机器学习:是一种人工智能技术,它让计算机系统通过学习数据中的模式和规律来自动改进其性能,而不是通过显式编程来完成任务。例子:电子邮件垃圾邮件过滤器。

1、人工智能、机器学习、深度学习关系

机器学习是人工智能的一个分支,深度学习是实现机器学习的一种技术。如下图:
在这里插入图片描述

2、数据分析、数据挖掘区别

  • 数据分析:

    • 对数据的一种操作手段,目标是经过先验(已有经验)的约束,对数据进行整理、筛选和加工,最后得到信息。【从数据到信息的转化过程】
    • 针对历史数据,分析得出各项指标,经过数据分析我们得到的是信息。
  • 数据挖掘:

    • 是对数据分析之后的信息,进行价值化的分析。

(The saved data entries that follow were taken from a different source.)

lemma besov_energy_cutoff_le_kernel:
  fixes \<Omega> :: "'a::euclidean_space set"
  assumes young: "young_function \<phi>" and "open \<Omega>" "0 < r" "r < t" "lam > 0"
  shows "besov_energy \<alpha> \<phi> \<Omega> (cutoff \<Omega> x r t) lam \<le> 2 * emeasure lborel (\<Omega> \<inter> ball x t) *
    (\<integral>\<^sup>+ h. ennreal (young_ext \<phi> (min 1 (norm h / (t - r)) * norm h powr (- \<alpha>) / lam) /
      norm h ^ (2 * DIM('a))) \<partial>(lborel :: 'a measure))"
proof -
  define B where "B = \<Omega> \<inter> ball x t"
  define H where "H \<rho> = ennreal (young_ext \<phi> (min 1 (\<rho> / (t - r)) * \<rho> powr (- \<alpha>) / lam) /
    \<rho> ^ (2 * DIM('a)))" for \<rho>
  have [measurable]: "B \<in> sets borel" "H \<in> borel_measurable borel"
    using assms unfolding B_def H_def by (auto simp: open_Int)
  define E where "E z w = ennreal (\<phi> (\<bar>cutoff \<Omega> x r t z - cutoff \<Omega> x r t w\<bar> /
    (lam * dist z w powr \<alpha>)) / dist z w ^ (2 * DIM('a)))" for z w
  have pointwise: "E z w * indicator \<Omega> w \<le> (indicator B z + indicator B w) * H (dist z w)"
    if "z \<in> \<Omega>" for z w
    using cutoff_energy_density_le[OF young that _ assms(3-5), of w x \<alpha>]
    by (cases "w \<in> \<Omega>") (simp_all add: E_def B_def H_def)
  have "besov_energy \<alpha> \<phi> \<Omega> (cutoff \<Omega> x r t) lam = (\<integral>\<^sup>+ z\<in>\<Omega>. (\<integral>\<^sup>+ w\<in>\<Omega>. E z w \<partial>lebesgue) \<partial>lebesgue)"
    by (simp add: besov_energy_def E_def)
  also have "\<dots> \<le> (\<integral>\<^sup>+ z. (\<integral>\<^sup>+ w. (indicator B z + indicator B w) * H (dist z w) \<partial>lebesgue) \<partial>lebesgue)"
  proof (rule nn_integral_mono)
    fix z
    show "(\<integral>\<^sup>+ w\<in>\<Omega>. E z w \<partial>lebesgue) * indicator \<Omega> z \<le>
        (\<integral>\<^sup>+ w. (indicator B z + indicator B w) * H (dist z w) \<partial>lebesgue)"
      using pointwise[of z] by (cases "z \<in> \<Omega>") (auto intro!: nn_integral_mono)
  qed
  also have "\<dots> = (\<integral>\<^sup>+ z. (\<integral>\<^sup>+ w. (indicator B z + indicator B w) * H (dist z w) \<partial>lborel) \<partial>lborel)"
    by (simp add: nn_integral_completion)
  also have "\<dots> = 2 * emeasure lborel B * (\<integral>\<^sup>+ h. H (norm h) \<partial>(lborel :: 'a measure))"
    by (rule nn_integral_indicator_pair_kernel) measurable
  finally show ?thesis unfolding B_def H_def .
qed

lemma besov_energy_cutoff_le:
  fixes \<Omega> :: "'a::euclidean_space set"
  assumes young: "young_function \<phi>" and "open \<Omega>" "0 < r" "r < t" "lam > 0"
  shows "besov_energy \<alpha> \<phi> \<Omega> (cutoff \<Omega> x r t) lam \<le> 2 * emeasure lborel (\<Omega> \<inter> ball x t) *
    ennreal (DIM('a) * unit_ball_vol DIM('a) / (t - r) ^ DIM('a) * \<phi> ((t - r) powr (- \<alpha>) / lam)) *
    (Lambda_lower DIM('a) \<phi> \<alpha> + Lambda_upper DIM('a) \<phi> \<alpha>)"
proof -
  have "(\<integral>\<^sup>+ h. ennreal (young_ext \<phi> (min 1 (norm h / (t - r)) * norm h powr (- \<alpha>) / lam) /
      norm h ^ (2 * DIM('a))) \<partial>(lborel :: 'a measure)) =
    (\<integral>\<^sup>+ \<rho>. ennreal (indicator {0..} \<rho> * (DIM('a) * unit_ball_vol DIM('a) * \<rho> ^ (DIM('a) - 1))) *
      ennreal (young_ext \<phi> (min 1 (\<rho> / (t - r)) * \<rho> powr (- \<alpha>) / lam) / \<rho> ^ (2 * DIM('a))) \<partial>lborel)"
    using young by (intro nn_integral_radial) measurable
  also have "\<dots> \<le> ennreal (DIM('a) * unit_ball_vol DIM('a) / (t - r) ^ DIM('a) * \<phi> ((t - r) powr (- \<alpha>) / lam)) *
      (Lambda_lower DIM('a) \<phi> \<alpha> + Lambda_upper DIM('a) \<phi> \<alpha>)"
    using assms by (intro nn_integral_radial_kernel_le_Lambda) auto
  finally show ?thesis
    using besov_energy_cutoff_le_kernel[OF assms, where x=x and \<alpha>=\<alpha>]
    by (auto simp: mult.assoc elim!: order_trans intro!: mult_left_mono)
qed

lemma besov_norm_le:
  assumes "lam > 0" "besov_energy \<alpha> \<phi> \<Omega> u lam \<le> 1"
  shows "besov_norm \<alpha> \<phi> \<Omega> u \<le> lam"
  unfolding besov_norm_def by (rule cInf_lower) (use assms in \<open>auto intro: bdd_belowI[of _ 0]\<close>)

lemma measure_open_Int_ball_pos:
  fixes \<Omega> :: "'a::euclidean_space set"
  assumes "open \<Omega>" "x \<in> \<Omega>" "t > 0"
  shows "0 < measure lebesgue (\<Omega> \<inter> ball x t)"
proof -
  obtain e where "e > 0" "ball x e \<subseteq> \<Omega> \<inter> ball x t"
    by (rule openE[of "\<Omega> \<inter> ball x t" x]) (use assms in auto)
  have "0 < measure lebesgue (ball x e)"
    using \<open>e > 0\<close> content_ball_pos by (simp add: measure_completion)
  also have "\<dots> \<le> measure lebesgue (\<Omega> \<inter> ball x t)"
    using \<open>ball x e \<subseteq> _\<close> assms
    by (intro measure_mono_fmeasurable) (auto intro!: bounded_set_imp_lmeasurable)
  finally show ?thesis .
qed

lemma emeasure_open_Int_ball:
  fixes \<Omega> :: "'a::euclidean_space set"
  assumes "open \<Omega>"
  shows "emeasure lborel (\<Omega> \<inter> ball x t) = ennreal (measure lebesgue (\<Omega> \<inter> ball x t))"
proof -
  have "\<Omega> \<inter> ball x t \<in> lmeasurable"
    using assms by (intro bounded_set_imp_lmeasurable) auto
  then have "emeasure lebesgue (\<Omega> \<inter> ball x t) = ennreal (measure lebesgue (\<Omega> \<inter> ball x t))"
    by (rule emeasure_eq_measure2)
  moreover have "emeasure lebesgue (\<Omega> \<inter> ball x t) = emeasure lborel (\<Omega> \<inter> ball x t)"
    using assms by (simp add: open_Int main_part_sets)
  ultimately show ?thesis by simp
qed

lemma besov_energy_cutoff_le_1:
  fixes \<Omega> :: "'a::euclidean_space set"
  assumes young: "young_function \<phi>" and "open \<Omega>" "x \<in> \<Omega>" "0 < r" "r < t"
    and L: "Lambda_lower DIM('a) \<phi> \<alpha> + Lambda_upper DIM('a) \<phi> \<alpha> = ennreal L" "0 \<le> L"
    and C: "1 \<le> C" "2 * real DIM('a) * unit_ball_vol DIM('a) * L \<le> C"
  defines "lam \<equiv> C * (t - r) powr (- \<alpha>) /
    young_inv \<phi> ((t - r) ^ DIM('a) / measure lebesgue (\<Omega> \<inter> ball x t))"
  shows "0 < lam" "besov_energy \<alpha> \<phi> \<Omega> (cutoff \<Omega> x r t) lam \<le> 1"
proof -
  define s where "s = t - r"
  define \<mu> where "\<mu> = measure lebesgue (\<Omega> \<inter> ball x t)"
  define y where "y = young_inv \<phi> (s ^ DIM('a) / \<mu>)"
  define c where "c = DIM('a) * unit_ball_vol DIM('a)"
  have "s > 0" "c \<ge> 0"
    using assms by (auto simp: s_def c_def)
  have "\<mu> > 0"
    unfolding \<mu>_def using assms by (intro measure_open_Int_ball_pos) auto
  have "y > 0" "\<phi> y = s ^ DIM('a) / \<mu>"
    using young_inv young_inv_pos young \<open>s > 0\<close> \<open>\<mu> > 0\<close> by (auto simp: y_def)
  have lam: "lam = C * s powr (- \<alpha>) / y"
    by (simp add: lam_def s_def \<mu>_def y_def)
  show "0 < lam"
    using \<open>y > 0\<close> \<open>s > 0\<close> C by (simp add: lam)
  have "\<phi> (s powr (- \<alpha>) / lam) = \<phi> (1 / C * y)"
    using \<open>y > 0\<close> \<open>s > 0\<close> C by (simp add: lam)
  also have "\<dots> \<le> s ^ DIM('a) / (\<mu> * C)"
    using young_function_scale[OF young, of "1 / C" y] \<open>y > 0\<close> \<open>\<phi> y = _\<close> C by (simp add: mult.commute)
  finally have \<phi>_le: "\<phi> (s powr (- \<alpha>) / lam) \<le> s ^ DIM('a) / (\<mu> * C)" .
  define a where "a = c / s ^ DIM('a) * \<phi> (s powr (- \<alpha>) / lam)"
  have "a \<ge> 0"
    using young_function_nonneg[OF young] \<open>s > 0\<close> \<open>0 < lam\<close> \<open>c \<ge> 0\<close> by (simp add: a_def)
  have "besov_energy \<alpha> \<phi> \<Omega> (cutoff \<Omega> x r t) lam \<le> 2 * ennreal \<mu> * ennreal a * ennreal L"
    using besov_energy_cutoff_le[OF young assms(2,4,5) \<open>0 < lam\<close>, where x=x and \<alpha>=\<alpha>]
      emeasure_open_Int_ball[OF assms(2)] L
    by (simp add: s_def \<mu>_def a_def c_def)
  also have "\<dots> = ennreal (2 * \<mu> * a * L)"
    using \<open>\<mu> > 0\<close> \<open>a \<ge> 0\<close> by (simp add: ennreal_mult')
  also have "\<dots> \<le> ennreal 1"
  proof (rule ennreal_leI)
    have "2 * \<mu> * a * L \<le> 2 * \<mu> * (c / s ^ DIM('a) * (s ^ DIM('a) / (\<mu> * C))) * L"
      unfolding a_def using \<phi>_le \<open>\<mu> > 0\<close> \<open>s > 0\<close> \<open>c \<ge> 0\<close> L
      by (intro mult_right_mono mult_left_mono) auto
    also have "\<dots> = 2 * c * L / C"
      using \<open>\<mu> > 0\<close> \<open>s > 0\<close> C by (simp add: field_simps)
    also have "\<dots> \<le> 1"
      using C by (simp add: c_def)
    finally show "2 * \<mu> * a * L \<le> 1" .
  qed
  finally show "besov_energy \<alpha> \<phi> \<Omega> (cutoff \<Omega> x r t) lam \<le> 1"
    by simp
qed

【信息的价值化】
    • 经过大量数据挖掘我们得到的是有价值的信息,即对信息进行规律或价值提前。

机器学习是一种方法;数据挖掘是一件事情

3、机器学习分类(熟悉)

在这里插入图片描述

区别点:训练集的数据里面是否有目标值。

3.1 有监督学习

监督学习也称为监督机器学习,其定义是使用标记数据集训练算法以准确对数据进行分类或预测结果。

通俗易懂地讲:监督学习指的是人们给机器一大堆标记好的数据,比如一大堆照片,标记住那些是猫的照片,那些是狗的照片,然后让机器自己学习归纳出算法或模型,然后所使用该算法或模型判断出其他照片是否是猫或狗。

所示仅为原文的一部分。